=== Data to process ===
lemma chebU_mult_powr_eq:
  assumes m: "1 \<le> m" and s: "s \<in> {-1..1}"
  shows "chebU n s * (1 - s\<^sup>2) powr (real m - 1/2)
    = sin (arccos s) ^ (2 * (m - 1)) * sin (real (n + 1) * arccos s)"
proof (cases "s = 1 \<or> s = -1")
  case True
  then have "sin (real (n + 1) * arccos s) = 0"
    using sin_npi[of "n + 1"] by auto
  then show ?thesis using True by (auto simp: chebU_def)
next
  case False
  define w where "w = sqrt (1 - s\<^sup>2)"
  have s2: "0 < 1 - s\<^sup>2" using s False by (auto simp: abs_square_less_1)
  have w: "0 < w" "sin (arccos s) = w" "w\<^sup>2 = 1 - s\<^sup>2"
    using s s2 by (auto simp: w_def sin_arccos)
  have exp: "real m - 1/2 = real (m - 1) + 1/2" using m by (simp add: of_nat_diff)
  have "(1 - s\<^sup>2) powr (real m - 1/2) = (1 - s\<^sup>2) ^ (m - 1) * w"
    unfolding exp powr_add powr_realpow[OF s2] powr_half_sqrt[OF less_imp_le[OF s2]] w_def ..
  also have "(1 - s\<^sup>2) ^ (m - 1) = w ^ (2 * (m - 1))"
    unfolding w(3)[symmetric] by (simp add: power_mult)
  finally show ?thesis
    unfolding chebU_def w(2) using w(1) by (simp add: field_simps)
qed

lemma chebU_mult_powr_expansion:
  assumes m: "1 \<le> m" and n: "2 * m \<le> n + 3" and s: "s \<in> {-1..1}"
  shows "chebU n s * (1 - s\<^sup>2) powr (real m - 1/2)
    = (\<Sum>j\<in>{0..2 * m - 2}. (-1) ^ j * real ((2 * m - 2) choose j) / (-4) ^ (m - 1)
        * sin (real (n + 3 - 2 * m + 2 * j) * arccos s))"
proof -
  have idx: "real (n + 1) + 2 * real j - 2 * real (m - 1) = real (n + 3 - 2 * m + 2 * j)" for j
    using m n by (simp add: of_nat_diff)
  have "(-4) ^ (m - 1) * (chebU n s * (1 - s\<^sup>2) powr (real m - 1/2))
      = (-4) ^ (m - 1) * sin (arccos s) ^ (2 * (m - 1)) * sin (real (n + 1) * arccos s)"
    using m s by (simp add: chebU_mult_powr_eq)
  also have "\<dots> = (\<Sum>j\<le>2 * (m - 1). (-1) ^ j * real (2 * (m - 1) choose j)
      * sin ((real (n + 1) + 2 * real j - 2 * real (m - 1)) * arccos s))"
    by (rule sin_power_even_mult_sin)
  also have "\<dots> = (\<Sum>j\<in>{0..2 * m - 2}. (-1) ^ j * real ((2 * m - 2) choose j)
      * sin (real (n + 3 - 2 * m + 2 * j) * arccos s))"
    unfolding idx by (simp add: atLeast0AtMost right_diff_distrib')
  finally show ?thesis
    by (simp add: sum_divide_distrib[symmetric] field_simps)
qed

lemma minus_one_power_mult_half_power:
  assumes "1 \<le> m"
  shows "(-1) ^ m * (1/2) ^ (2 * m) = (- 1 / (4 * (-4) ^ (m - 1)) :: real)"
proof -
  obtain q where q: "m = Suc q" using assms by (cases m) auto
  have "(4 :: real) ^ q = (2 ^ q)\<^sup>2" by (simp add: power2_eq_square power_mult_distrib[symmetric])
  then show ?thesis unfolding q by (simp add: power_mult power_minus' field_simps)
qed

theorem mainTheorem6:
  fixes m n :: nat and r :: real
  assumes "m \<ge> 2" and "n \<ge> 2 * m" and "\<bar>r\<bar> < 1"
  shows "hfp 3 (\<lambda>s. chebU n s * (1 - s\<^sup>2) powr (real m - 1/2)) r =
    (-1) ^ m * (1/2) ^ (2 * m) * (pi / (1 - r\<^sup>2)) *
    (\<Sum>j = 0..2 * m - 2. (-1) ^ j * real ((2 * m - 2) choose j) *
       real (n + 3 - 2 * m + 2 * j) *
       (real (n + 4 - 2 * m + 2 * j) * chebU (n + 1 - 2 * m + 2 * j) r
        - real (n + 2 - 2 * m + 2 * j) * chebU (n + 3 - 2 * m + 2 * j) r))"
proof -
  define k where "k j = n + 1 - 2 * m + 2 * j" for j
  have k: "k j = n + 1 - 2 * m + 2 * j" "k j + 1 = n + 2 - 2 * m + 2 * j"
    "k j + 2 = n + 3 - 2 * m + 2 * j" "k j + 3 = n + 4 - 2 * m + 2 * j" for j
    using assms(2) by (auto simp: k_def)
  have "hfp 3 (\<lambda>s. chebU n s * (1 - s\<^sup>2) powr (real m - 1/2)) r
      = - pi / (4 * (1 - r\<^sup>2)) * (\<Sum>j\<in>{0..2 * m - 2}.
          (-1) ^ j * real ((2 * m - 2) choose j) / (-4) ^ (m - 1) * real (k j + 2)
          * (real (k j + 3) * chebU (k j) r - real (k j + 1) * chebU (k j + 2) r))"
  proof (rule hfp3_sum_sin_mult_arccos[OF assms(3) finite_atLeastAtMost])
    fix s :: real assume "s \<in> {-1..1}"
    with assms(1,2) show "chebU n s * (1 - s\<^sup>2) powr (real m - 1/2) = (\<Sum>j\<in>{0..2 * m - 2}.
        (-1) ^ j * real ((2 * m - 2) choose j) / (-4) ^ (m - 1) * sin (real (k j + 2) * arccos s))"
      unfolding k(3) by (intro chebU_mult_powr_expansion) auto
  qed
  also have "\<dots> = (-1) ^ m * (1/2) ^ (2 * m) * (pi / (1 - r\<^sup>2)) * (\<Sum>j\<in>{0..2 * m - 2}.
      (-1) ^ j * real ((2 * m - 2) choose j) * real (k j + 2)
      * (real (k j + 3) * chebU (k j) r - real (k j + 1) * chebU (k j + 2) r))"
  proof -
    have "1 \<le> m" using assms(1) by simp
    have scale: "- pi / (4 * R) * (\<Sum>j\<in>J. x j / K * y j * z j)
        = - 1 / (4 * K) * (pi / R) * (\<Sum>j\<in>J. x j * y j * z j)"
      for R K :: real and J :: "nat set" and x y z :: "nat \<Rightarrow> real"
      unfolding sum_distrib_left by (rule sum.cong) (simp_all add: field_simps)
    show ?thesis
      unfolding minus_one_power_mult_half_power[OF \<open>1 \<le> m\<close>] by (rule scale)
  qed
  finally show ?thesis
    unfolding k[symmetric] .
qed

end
===
Transcribe every entry exactly as it reads.

Completed exercise —
lemma chebU_mult_powr_eq:
  assumes m: "1 \<le> m" and s: "s \<in> {-1..1}"
  shows "chebU n s * (1 - s\<^sup>2) powr (real m - 1/2)
    = sin (arccos s) ^ (2 * (m - 1)) * sin (real (n + 1) * arccos s)"
proof (cases "s = 1 \<or> s = -1")
  case True
  then have "sin (real (n + 1) * arccos s) = 0"
    using sin_npi[of "n + 1"] by auto
  then show ?thesis using True by (auto simp: chebU_def)
next
  case False
  define w where "w = sqrt (1 - s\<^sup>2)"
  have s2: "0 < 1 - s\<^sup>2" using s False by (auto simp: abs_square_less_1)
  have w: "0 < w" "sin (arccos s) = w" "w\<^sup>2 = 1 - s\<^sup>2"
    using s s2 by (auto simp: w_def sin_arccos)
  have exp: "real m - 1/2 = real (m - 1) + 1/2" using m by (simp add: of_nat_diff)
  have "(1 - s\<^sup>2) powr (real m - 1/2) = (1 - s\<^sup>2) ^ (m - 1) * w"
    unfolding exp powr_add powr_realpow[OF s2] powr_half_sqrt[OF less_imp_le[OF s2]] w_def ..
  also have "(1 - s\<^sup>2) ^ (m - 1) = w ^ (2 * (m - 1))"
    unfolding w(3)[symmetric] by (simp add: power_mult)
  finally show ?thesis
    unfolding chebU_def w(2) using w(1) by (simp add: field_simps)
qed

lemma chebU_mult_powr_expansion:
  assumes m: "1 \<le> m" and n: "2 * m \<le> n + 3" and s: "s \<in> {-1..1}"
  shows "chebU n s * (1 - s\<^sup>2) powr (real m - 1/2)
    = (\<Sum>j\<in>{0..2 * m - 2}. (-1) ^ j * real ((2 * m - 2) choose j) / (-4) ^ (m - 1)
        * sin (real (n + 3 - 2 * m + 2 * j) * arccos s))"
proof -
  have idx: "real (n + 1) + 2 * real j - 2 * real (m - 1) = real (n + 3 - 2 * m + 2 * j)" for j
    using m n by (simp add: of_nat_diff)
  have "(-4) ^ (m - 1) * (chebU n s * (1 - s\<^sup>2) powr (real m - 1/2))
      = (-4) ^ (m - 1) * sin (arccos s) ^ (2 * (m - 1)) * sin (real (n + 1) * arccos s)"
    using m s by (simp add: chebU_mult_powr_eq)
  also have "\<dots> = (\<Sum>j\<le>2 * (m - 1). (-1) ^ j * real (2 * (m - 1) choose j)
      * sin ((real (n + 1) + 2 * real j - 2 * real (m - 1)) * arccos s))"
    by (rule sin_power_even_mult_sin)
  also have "\<dots> = (\<Sum>j\<in>{0..2 * m - 2}. (-1) ^ j * real ((2 * m - 2) choose j)
      * sin (real (n + 3 - 2 * m + 2 * j) * arccos s))"
    unfolding idx by (simp add: atLeast0AtMost right_diff_distrib')
  finally show ?thesis
    by (simp add: sum_divide_distrib[symmetric] field_simps)
qed

lemma minus_one_power_mult_half_power:
  assumes "1 \<le> m"
  shows "(-1) ^ m * (1/2) ^ (2 * m) = (- 1 / (4 * (-4) ^ (m - 1)) :: real)"
proof -
  obtain q where q: "m = Suc q" using assms by (cases m) auto
  have "(4 :: real) ^ q = (2 ^ q)\<^sup>2" by (simp add: power2_eq_square power_mult_distrib[symmetric])
  then show ?thesis unfolding q by (simp add: power_mult power_minus' field_simps)
qed

theorem mainTheorem6:
  fixes m n :: nat and r :: real
  assumes "m \<ge> 2" and "n \<ge> 2 * m" and "\<bar>r\<bar> < 1"
  shows "hfp 3 (\<lambda>s. chebU n s * (1 - s\<^sup>2) powr (real m - 1/2)) r =
    (-1) ^ m * (1/2) ^ (2 * m) * (pi / (1 - r\<^sup>2)) *
    (\<Sum>j = 0..2 * m - 2. (-1) ^ j * real ((2 * m - 2) choose j) *
       real (n + 3 - 2 * m + 2 * j) *
       (real (n + 4 - 2 * m + 2 * j) * chebU (n + 1 - 2 * m + 2 * j) r
        - real (n + 2 - 2 * m + 2 * j) * chebU (n + 3 - 2 * m + 2 * j) r))"
proof -
  define k where "k j = n + 1 - 2 * m + 2 * j" for j
  have k: "k j = n + 1 - 2 * m + 2 * j" "k j + 1 = n + 2 - 2 * m + 2 * j"
    "k j + 2 = n + 3 - 2 * m + 2 * j" "k j + 3 = n + 4 - 2 * m + 2 * j" for j
    using assms(2) by (auto simp: k_def)
  have "hfp 3 (\<lambda>s. chebU n s * (1 - s\<^sup>2) powr (real m - 1/2)) r
      = - pi / (4 * (1 - r\<^sup>2)) * (\<Sum>j\<in>{0..2 * m - 2}.
          (-1) ^ j * real ((2 * m - 2) choose j) / (-4) ^ (m - 1) * real (k j + 2)
          * (real (k j + 3) * chebU (k j) r - real (k j + 1) * chebU (k j + 2) r))"
  proof (rule hfp3_sum_sin_mult_arccos[OF assms(3) finite_atLeastAtMost])
    fix s :: real assume "s \<in> {-1..1}"
    with assms(1,2) show "chebU n s * (1 - s\<^sup>2) powr (real m - 1/2) = (\<Sum>j\<in>{0..2 * m - 2}.
        (-1) ^ j * real ((2 * m - 2) choose j) / (-4) ^ (m - 1) * sin (real (k j + 2) * arccos s))"
      unfolding k(3) by (intro chebU_mult_powr_expansion) auto
  qed
  also have "\<dots> = (-1) ^ m * (1/2) ^ (2 * m) * (pi / (1 - r\<^sup>2)) * (\<Sum>j\<in>{0..2 * m - 2}.
      (-1) ^ j * real ((2 * m - 2) choose j) * real (k j + 2)
      * (real (k j + 3) * chebU (k j) r - real (k j + 1) * chebU (k j + 2) r))"
  proof -
    have "1 \<le> m" using assms(1) by simp
    have scale: "- pi / (4 * R) * (\<Sum>j\<in>J. x j / K * y j * z j)
        = - 1 / (4 * K) * (pi / R) * (\<Sum>j\<in>J. x j * y j * z j)"
      for R K :: real and J :: "nat set" and x y z :: "nat \<Rightarrow> real"
      unfolding sum_distrib_left by (rule sum.cong) (simp_all add: field_simps)
    show ?thesis
      unfolding minus_one_power_mult_half_power[OF \<open>1 \<le> m\<close>] by (rule scale)
  qed
  finally show ?thesis
    unfolding k[symmetric] .
qed

end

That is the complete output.